I'll call the function FrequentWordsMismatch(g, k, d) .

So, here are a few helpful examples:

FrequentWordsMismatch('AAAAAAAAAA', 2, 1) → ['AA', 'CA', 'GA', 'TA', 'AC', 'AG', 'AT']
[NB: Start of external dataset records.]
theorem proposition4p12:
  fixes G :: "('a, 'b) monoid_scheme" and P :: "'a set \<Rightarrow> ('a set \<Rightarrow> int) set"
  assumes "group G" and "finite (carrier G)"
    and "prime_tideal G P"
    and "P {\<one>\<^bsub>G\<^esub>} = {(\<lambda>I. 0)}"
    and "\<exists>p :: 'a set \<Rightarrow> int. P (carrier G) =
           {a \<in> Atil G (carrier G). \<forall>I. isub G I (carrier G) \<longrightarrow> p I dvd a I}"
  shows "{I. isub G I (carrier G) \<and> pI G P I \<noteq> 1} = {I. isub G I (carrier G) \<and> pI G P I = 0}
    \<and> (\<forall>H. subgroup H G \<longrightarrow>
          P H = Pideal G {I. isub G I (carrier G) \<and> pI G P I \<noteq> 1} 0 H)"
proof -
  interpret prime_tideal_zero_bottom G P
    using assms(1-4) by (simp add: prime_tideal_zero_bottom_def prime_tideal_zero_bottom_axioms_def)
  obtain p where P_top:
    "P (carrier G) = {a \<in> Atil G (carrier G). \<forall>I. isub G I (carrier G) \<longrightarrow> p I dvd a I}"
    using assms(5) by blast
  have "pI G P I = (if I \<in> top_support G P then 1 else 0)" if "isub G I (carrier G)" for I
    using pI_eq_top_support isub_carrier_iff that by blast
  then have F_support: "{I. isub G I (carrier G) \<and> pI G P I \<noteq> 1}
      = {I. isub G I (carrier G) \<and> I \<notin> top_support G P}"
    and F_zero: "{I. isub G I (carrier G) \<and> pI G P I \<noteq> 1} = {I. isub G I (carrier G) \<and> pI G P I = 0}"
    by auto
  have "P H = Pideal G {I. isub G I (carrier G) \<and> I \<notin> top_support G P} 0 H"
    if "subgroup H G" for H
    using P_subset_Pideal[OF that] Pideal_subset_P[OF P_top that] by (rule subset_antisym)
  then show ?thesis using F_zero F_support by simp
qed

end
Here's a much longer example, if you implement this and want to test:

FrequentWordsMisMatch('CACAGTAGGCGCCGGCACACACAGCCCCGGGCCCCGGGCCGCCCCGGGCCGGCGGCCGCCGGCGCCGGCACACCGGCACAGCCGTACCGGCACAGTAGTACCGGCCGGCCGGCACACCGGCACACCGGGTACACACCGGGGCGCACACACAGGCGGGCGCCGGGCCCCGGGCCGTACCGGGCCGCCGGCGGCCCACAGGCGCCGGCACAGTACCGGCACACACAGTAGCCCACACACAGGCGGGCGGTAGCCGGCGCACACACACACAGTAGGCGCACAGCCGCCCACACACACCGGCCGGCCGGCACAGGCGGGCGGGCGCACACACACCGGCACAGTAGTAGGCGGCCGGCGCACAGCC', 10, 2) → ['GCACACAGAC', 'GCGCACACAC']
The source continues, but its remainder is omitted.